Neuregelung der Künstlichen Intelligenz in Südkorea
Südkorea hat als erstes Land der Welt Gesetze erlassen, die den Betrieb von Systemen der Künstlichen Intelligenz regulieren. Ab sofort müssen mit Hilfe von KI erstellte Bilder eindeutig gekennzeichnet werden. Darüber hinaus sind Personen in wichtigen Tätigkeitsbereichen verpflichtet, die Arbeit von Computersystemen zu kontrollieren.
Ziele der neuen Gesetze
Die südkoreanischen Behörden geben an, dass die neuen Gesetze dazu dienen, das Vertrauen der Öffentlichkeit in Künstliche Intelligenz zu stärken und die Sicherheit zu gewährleisten. Das Ministerium für Wissenschaft und ICT bezeichnete diese Gesetzgebung als die zweite ihrer Art weltweit.
Inhalt der Gesetze
Nach dem neuen Gesetz müssen Unternehmen sicherstellen, dass Menschen die Kontrolle über sogenannte „hochleistungsfähige“ KI behalten, insbesondere in Bereichen wie nukleare Sicherheit, Trinkwasserproduktion, Transport, Gesundheitswesen und Finanzdienstleistungen.
Weitere Regelungen verlangen von Unternehmen, die Nutzer im Voraus über Produkte oder Dienstleistungen zu informieren, die hochleistungsfähige oder generative KI nutzen, und die Ergebnisse, die mit KI erzielt werden, deutlich zu kennzeichnen. Dazu gehören auch Deepfakes, die schwer von der Realität zu unterscheiden sind.
Übergangsfrist und Strafen
Die Behörden beabsichtigen nicht, Verstöße gegen die neue Gesetzgebung sofort zu bestrafen. Unternehmen wird eine einjährige Übergangsfrist eingeräumt, nach der Verwaltungsstrafen für Gesetzesverstöße verhängt werden.
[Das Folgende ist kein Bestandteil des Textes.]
(* Consider the deterministic split-node max-neighbour algorithm described in the context, on a dynamic graph $(G_r)_{r\ge1}$ with node set $V$. For every round $r\ge1$, \[ \phi(V,w_r)\le\phi(V,w_{r-1})-D_r/2 . \]
   Context: Setting: a fixed set $V$ of $n$ nodes, a sequence of connected graphs $G_r=(V,E_r)$ ($r\ge1$), $N_r(v)$ the neighbours of $v$ in $G_r$, non-negative real loads $w_0(v)$, and $w_r(v)$ the load of $v$ at the end of round $r$. For a finite set $U$ and $w:U\to\mathbb{R}_{\ge0}$ define $\phi(U,w)=\sum_{\{u,v\}\subseteq U}|w(u)-w(v)|$ (sum over unordered pairs of distinct elements). Algorithm: each node $v$ is split into two virtual nodes $v_s$ (sender) and $v_a$ (receiver). In round $r$: set $w_r^1(v_s)=w_r^1(v_a)=w_{r-1}(v)/2$. Each $v_s$ sends a proposal to $u_a$ where $u\in N_r(v)$ maximizes $|w_{r-1}(u)-w_{r-1}(v)|$ (ties broken by a fixed deterministic rule). Each $v_a$ that received proposals accepts exactly one, from $u_s$ with $u$ maximizing $|w_{r-1}(u)-w_{r-1}(v)|$ among proposers (deterministic tie-breaking). For each accepted pair $(u_s,v_a)$, set $w_r^2(u_s)=w_r^2(v_a)=(w_r^1(u_s)+w_r^1(v_a))/2$; other virtual nodes keep their value. Then $w_r(v)=w_r^2(v_s)+w_r^2(v_a)$. An ordered pair $(u,v)$ connects at round $r$ if $u_s$'s proposal to $v_a$ was accepted in round $r$; $A_r$ is the set of ordered pairs that connect at round $r$, and \[ D_r=\frac12\sum_{(u,v)\in A_r}|w_{r-1}(u)-w_{r-1}(v)| . \] *)

theory Defs
  imports Complex_Main
begin

definition pair_diff :: "('a \<Rightarrow> real) \<Rightarrow> 'a set \<Rightarrow> real" where
  "pair_diff w P = (THE d. \<exists>u v. P = {u, v} \<and> d = \<bar>w u - w v\<bar>)"

definition phi :: "'a set \<Rightarrow> ('a \<Rightarrow> real) \<Rightarrow> real" where
  "phi U w = (\<Sum>P \<in> {P. P \<subseteq> U \<and> card P = 2}. pair_diff w P)"

definition connected_graph :: "'a set \<Rightarrow> ('a \<Rightarrow> 'a set) \<Rightarrow> bool" where
  "connected_graph V N \<longleftrightarrow>
     (\<forall>v\<in>V. N v \<subseteq> V \<and> v \<notin> N v) \<and>
     (\<forall>u\<in>V. \<forall>v\<in>V. u \<in> N v \<longleftrightarrow> v \<in> N u) \<and>
     (\<forall>u\<in>V. \<forall>v\<in>V. (u, v) \<in> {(a, b). a \<in> V \<and> b \<in> N a}\<^sup>*)"

(* One round. p v = Some u: v_s proposes to u_a; a v = Some u: v_a accepts the proposal of u_s. *)
definition round_step ::
  "('a \<Rightarrow> 'a option) \<Rightarrow> ('a \<Rightarrow> 'a option) \<Rightarrow> ('a \<Rightarrow> real) \<Rightarrow> ('a \<Rightarrow> real)" where
  "round_step p a w = (\<lambda>v.
     let w1s = w v / 2; w1a = w v / 2;
         w2s = (case p v of
                  Some u \<Rightarrow> (if a u = Some v then (w1s + w u / 2) / 2 else w1s)
                | None \<Rightarrow> w1s);
         w2a = (case a v of
                  Some u \<Rightarrow> (w u / 2 + w1a) / 2
                | None \<Rightarrow> w1a)
     in w2s + w2a)"

primrec load ::
  "(nat \<Rightarrow> 'a \<Rightarrow> 'a option) \<Rightarrow> (nat \<Rightarrow> 'a \<Rightarrow> 'a option) \<Rightarrow> ('a \<Rightarrow> real) \<Rightarrow> nat \<Rightarrow> 'a \<Rightarrow> real" where
  "load p a w0 0 = w0"
| "load p a w0 (Suc r) = round_step (p (Suc r)) (a (Suc r)) (load p a w0 r)"

definition valid_proposals ::
  "'a set \<Rightarrow> ('a \<Rightarrow> 'a set) \<Rightarrow> ('a \<Rightarrow> real) \<Rightarrow> ('a \<Rightarrow> 'a option) \<Rightarrow> bool" where
  "valid_proposals V N w p \<longleftrightarrow>
     (\<forall>v\<in>V. (p v = None \<longleftrightarrow> N v = {}) \<and>
        (\<forall>u. p v = Some u \<longrightarrow> u \<in> N v \<and>
              (\<forall>x\<in>N v. \<bar>w x - w v\<bar> \<le> \<bar>w u - w v\<bar>)))"

definition valid_acceptances ::
  "'a set \<Rightarrow> ('a \<Rightarrow> real) \<Rightarrow> ('a \<Rightarrow> 'a option) \<Rightarrow> ('a \<Rightarrow> 'a option) \<Rightarrow> bool" where
  "valid_acceptances V w p a \<longleftrightarrow>
     (\<forall>v\<in>V. (a v = None \<longleftrightarrow> (\<forall>u\<in>V. p u \<noteq> Some v)) \<and>
        (\<forall>u. a v = Some u \<longrightarrow> u \<in> V \<and> p u = Some v \<and>
              (\<forall>x\<in>V. p x = Some v \<longrightarrow> \<bar>w x - w v\<bar> \<le> \<bar>w u - w v\<bar>)))"

definition connects :: "'a set \<Rightarrow> ('a \<Rightarrow> 'a option) \<Rightarrow> ('a \<times> 'a) set" where
  "connects V a = {(u, v). u \<in> V \<and> v \<in> V \<and> a v = Some u}"

definition Dval :: "'a set \<Rightarrow> ('a \<Rightarrow> real) \<Rightarrow> ('a \<Rightarrow> 'a option) \<Rightarrow> real" where
  "Dval V w a = (1/2) * (\<Sum>(u, v) \<in> connects V a. \<bar>w u - w v\<bar>)"

end

theory Submission
  imports Defs
begin

text \<open>
  Write \<open>spread X f\<close> for the sum of \<open>\<bar>f i - f j\<bar>\<close> over all ordered pairs, so that
  \<open>phi V w = spread V w / 2\<close>. Splitting every node into a sender and a receiver carrying half
  its load doubles the spread. The accepted proposals pair up virtual nodes, i.e. they form an
  involution, and the round replaces every virtual load by its average with the partner's.
  Averaging along an involution lowers the spread by at least the sum of the gaps
  \<open>\<bar>f i - f (s i)\<bar>\<close>, which is \<open>2 D\<^sub>r\<close> here, and merging the two halves of each node
  again at least halves it by the triangle inequality.
\<close>

definition spread :: "'b set \<Rightarrow> ('b \<Rightarrow> real) \<Rightarrow> real" where
  "spread X f = (\<Sum>i\<in>X. \<Sum>j\<in>X. \<bar>f i - f j\<bar>)"

lemma pair_diff_doubleton: "pair_diff w {u, v} = \<bar>w u - w v\<bar>"
  unfolding pair_diff_def
  by (rule the_equality) (auto simp: doubleton_eq_iff abs_minus_commute)

lemma phi_eq_spread:
  assumes "finite V"
  shows "phi V w = spread V w / 2"
proof -
  let ?S = "{x \<in> V \<times> V. fst x \<noteq> snd x}"
  let ?g = "\<lambda>x. \<bar>w (fst x) - w (snd x)\<bar>"
  let ?h = "\<lambda>x. {fst x, snd x}"
  have "spread V w = (\<Sum>x\<in>V \<times> V. ?g x)"
    unfolding spread_def by (simp add: sum.cartesian_product')
  also have "\<dots> = (\<Sum>x\<in>?S. ?g x)"
    by (rule sum.mono_neutral_right) (auto simp: assms)
  also have "\<dots> = (\<Sum>P\<in>?h ` ?S. sum ?g {x\<in>?S. ?h x = P})"
    by (rule sum.image_gen) (simp add: assms)
  also have "?h ` ?S = {P. P \<subseteq> V \<and> card P = 2}"
  proof
    show "{P. P \<subseteq> V \<and> card P = 2} \<subseteq> ?h ` ?S"
    proof
      fix P assume "P \<in> {P. P \<subseteq> V \<and> card P = 2}"
      then obtain u v where "P = {u, v}" "u \<noteq> v" "P \<subseteq> V" by (auto simp: card_2_iff)
      then show "P \<in> ?h ` ?S" by (auto intro!: image_eqI[where x = "(u, v)"])
    qed
  qed auto
  also have "(\<Sum>P\<in>{P. P \<subseteq> V \<and> card P = 2}. sum ?g {x\<in>?S. ?h x = P})
      = (\<Sum>P\<in>{P. P \<subseteq> V \<and> card P = 2}. 2 * pair_diff w P)"
  proof (rule sum.cong[OF refl])
    fix P assume "P \<in> {P. P \<subseteq> V \<and> card P = 2}"
    then obtain u v where P: "P = {u, v}" "u \<noteq> v" "P \<subseteq> V" by (auto simp: card_2_iff)
    then have "{x\<in>?S. ?h x = P} = {(u, v), (v, u)}" by (auto simp: doubleton_eq_iff)
    then show "sum ?g {x\<in>?S. ?h x = P} = 2 * pair_diff w P"
      using P by (simp add: pair_diff_doubleton abs_minus_commute)
  qed
  finally show ?thesis unfolding phi_def by (simp add: sum_distrib_left[symmetric])
qed

lemma abs_sum_diff_le:
  fixes a b c d :: real
  shows "\<bar>(a + b) - (c + d)\<bar> \<le> (\<bar>a - c\<bar> + \<bar>a - d\<bar> + \<bar>b - c\<bar> + \<bar>b - d\<bar>) / 2"
  using abs_triangle_ineq[of "a - c" "b - d"] abs_triangle_ineq[of "a - d" "b - c"]
  by (simp add: algebra_simps)

lemma sum_product_bool:
  "(\<Sum>i\<in>V \<times> UNIV. g i) = (\<Sum>v\<in>V. g (v, True) + g (v, False))"
  by (simp add: sum.cartesian_product' UNIV_bool add.commute)

lemma spread_merge_halves:
  "spread V (\<lambda>v. f (v, True) + f (v, False)) \<le> spread (V \<times> UNIV) f / 2"
proof -
  have "spread V (\<lambda>v. f (v, True) + f (v, False))
      \<le> (\<Sum>u\<in>V. \<Sum>v\<in>V. (\<bar>f (u, True) - f (v, True)\<bar> + \<bar>f (u, True) - f (v, False)\<bar>
            + \<bar>f (u, False) - f (v, True)\<bar> + \<bar>f (u, False) - f (v, False)\<bar>) / 2)"
    unfolding spread_def by (intro sum_mono abs_sum_diff_le)
  also have "\<dots> = spread (V \<times> UNIV) f / 2"
    unfolding spread_def sum_product_bool
    by (simp add: sum.distrib sum_divide_distrib add_divide_distrib add_ac)
  finally show ?thesis .
qed

lemma spread_average_involution:
  assumes fin: "finite X" and maps: "\<And>i. i \<in> X \<Longrightarrow> s i \<in> X"
    and invol: "\<And>i. i \<in> X \<Longrightarrow> s (s i) = i"
  shows "spread X (\<lambda>i. (f i + f (s i)) / 2) + (\<Sum>i\<in>X. \<bar>f i - f (s i)\<bar>) \<le> spread X f"
proof -
  define y where "y i = (f i + f (s i)) / 2" for i
  define b where "b i j = (\<bar>f i - f j\<bar> + \<bar>f i - f (s j)\<bar> + \<bar>f (s i) - f j\<bar>
      + \<bar>f (s i) - f (s j)\<bar>) / 4" for i j
  have "bij_betw s X X"
    by (rule bij_betw_byWitness[where f' = s]) (use maps invol in auto)
  then have reindex: "(\<Sum>i\<in>X. g (s i)) = (\<Sum>i\<in>X. g i)" for g :: "_ \<Rightarrow> real"
    by (rule sum.reindex_bij_betw)
  have sum_b: "(\<Sum>i\<in>X. \<Sum>j\<in>X. b i j) = spread X f"
  proof -
    have "(\<Sum>i\<in>X. \<Sum>j\<in>X. \<bar>f i - f (s j)\<bar>) = spread X f"
      unfolding spread_def by (intro sum.cong refl reindex)
    moreover have "(\<Sum>i\<in>X. \<Sum>j\<in>X. \<bar>f (s i) - f j\<bar>) = spread X f"
      unfolding spread_def by (rule reindex)
    moreover have "(\<Sum>i\<in>X. \<Sum>j\<in>X. \<bar>f (s i) - f (s j)\<bar>) = spread X f"
      unfolding spread_def by (subst reindex[symmetric]) (intro sum.cong refl reindex)
    ultimately show ?thesis
      unfolding b_def spread_def by (simp add: sum.distrib sum_divide_distrib[symmetric])
  qed
  \<comment> \<open>Each \<open>\<bar>y i - y j\<bar>\<close> is at most the mean \<open>b i j\<close> of the four cross differences;
    for \<open>j \<in> {i, s i}\<close> it vanishes while \<open>b i j = \<bar>f i - f (s i)\<bar> / 2\<close>.\<close>
  have row: "(\<Sum>j\<in>X. \<bar>y i - y j\<bar>) + \<bar>f i - f (s i)\<bar> \<le> (\<Sum>j\<in>X. b i j)" if "i \<in> X" for i
  proof -
    let ?slack = "\<lambda>j. b i j - \<bar>y i - y j\<bar>"
    have slack_nonneg: "0 \<le> ?slack j" for j
      using abs_sum_diff_le[of "f i" "f (s i)" "f j" "f (s j)"]
      by (simp add: y_def b_def diff_divide_distrib[symmetric])
    have "\<bar>f i - f (s i)\<bar> \<le> (\<Sum>j\<in>{i, s i}. ?slack j)"
    proof (cases "s i = i")
      case True
      then show ?thesis using slack_nonneg[of i] by simp
    next
      case False
      then show ?thesis using invol[OF that] by (simp add: y_def b_def abs_minus_commute)
    qed
    also have "\<dots> \<le> (\<Sum>j\<in>X. ?slack j)"
      using fin that maps slack_nonneg by (intro sum_mono2) auto
    finally show ?thesis by (simp add: sum_subtractf)
  qed
  have "(\<Sum>i\<in>X. (\<Sum>j\<in>X. \<bar>y i - y j\<bar>) + \<bar>f i - f (s i)\<bar>) \<le> (\<Sum>i\<in>X. \<Sum>j\<in>X. b i j)"
    using row by (rule sum_mono)
  then show ?thesis
    unfolding sum_b by (simp add: spread_def y_def sum.distrib)
qed

lemma sum_involution_one_side:
  fixes g :: "'b \<Rightarrow> real"
  assumes fin: "finite X" and maps: "\<And>i. i \<in> X \<Longrightarrow> s i \<in> X"
    and invol: "\<And>i. i \<in> X \<Longrightarrow> s (s i) = i"
    and sym: "\<And>i. i \<in> X \<Longrightarrow> g (s i) = g i"
    and fixed: "\<And>i. i \<in> X \<Longrightarrow> s i = i \<Longrightarrow> g i = 0"
    and sides: "\<And>i. i \<in> X \<Longrightarrow> s i \<noteq> i \<Longrightarrow> Q (s i) \<longleftrightarrow> \<not> Q i"
  shows "(\<Sum>i\<in>X. g i) = 2 * (\<Sum>i\<in>X. if Q i then g i else 0)"
proof -
  define e where "e i = (if Q i then g i else 0)" for i
  have "bij_betw s X X"
    by (rule bij_betw_byWitness[where f' = s]) (use maps invol in auto)
  then have reindex: "(\<Sum>i\<in>X. e (s i)) = (\<Sum>i\<in>X. e i)"
    by (rule sum.reindex_bij_betw)
  have "g i = e i + e (s i)" if "i \<in> X" for i
    using that sym[OF that] fixed[OF that] sides[OF that] by (cases "s i = i") (auto simp: e_def)
  then have "(\<Sum>i\<in>X. g i) = (\<Sum>i\<in>X. e i) + (\<Sum>i\<in>X. e (s i))"
    by (simp add: sum.distrib)
  then show ?thesis
    unfolding reindex by (simp add: e_def)
qed

lemma Dval_eq_sum_accepted:
  assumes "finite V" and "\<And>v u. v \<in> V \<Longrightarrow> a v = Some u \<Longrightarrow> u \<in> V"
  shows "Dval V w a = (\<Sum>v\<in>V. case a v of None \<Rightarrow> 0 | Some u \<Rightarrow> \<bar>w u - w v\<bar>) / 2"
proof -
  have "connects V a = (\<lambda>v. (the (a v), v)) ` {v \<in> V. a v \<noteq> None}"
    using assms(2) by (force simp: connects_def)
  moreover have "inj_on (\<lambda>v. (the (a v), v)) {v \<in> V. a v \<noteq> None}"
    by (rule inj_onI) simp
  ultimately have "(\<Sum>(u, v) \<in> connects V a. \<bar>w u - w v\<bar>)
      = (\<Sum>v \<in> {v \<in> V. a v \<noteq> None}. \<bar>w (the (a v)) - w v\<bar>)"
    by (simp add: sum.reindex)
  also have "\<dots> = (\<Sum>v\<in>V. case a v of None \<Rightarrow> 0 | Some u \<Rightarrow> \<bar>w u - w v\<bar>)"
    unfolding sum.inter_filter[OF assms(1)] by (intro sum.cong) (auto split: option.split)
  finally show ?thesis unfolding Dval_def by simp
qed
Diese Strafen können erheblich sein: Beispielsweise kann das Fehlen einer Kennzeichnung für generative KI mit einer Geldstrafe von bis zu 30 Millionen Won (ca. 20.400 US-Dollar) belegt werden.
Im Vergleich zu Europa sind diese Strafen jedoch gering. In der EU können Verstöße mit Geldstrafen von 1 % des globalen Umsatzes bei geringfügigen Verstößen bis zu 7 % für Verstöße gegen Verbote zur Nutzung von Hochrisiko-KI geahndet werden.
Reaktionen aus der Industrie
Viele Gründer und Führungskräfte südkoreanischer Technologieunternehmen äußern Unmut über die neuen Gesetze. Einige Formulierungen im Gesetz sind nicht präzise genug, was dazu führen könnte, dass Unternehmen von vornherein sicherere, aber weniger innovative Ansätze wählen, um Risiken zu vermeiden.
Der Präsident Südkoreas forderte die Politiker auf, die Bedenken der Branchenvertreter ernst zu nehmen und eine ausreichende Unterstützung für Unternehmensgründungen und Startups zu bieten.
Zukünftige Maßnahmen
Das Ministerium für Wissenschaft und ICT plant die Schaffung einer Plattform mit Empfehlungen sowie eines speziellen Unterstützungszentrums für Unternehmen während der Übergangszeit. Zudem wird weiterhin geprüft, wie die Belastungen für die Industrie minimiert werden können. Eine Verlängerung der Übergangsfrist wird in Betracht gezogen, sollte die Situation in der Industrie dies erfordern.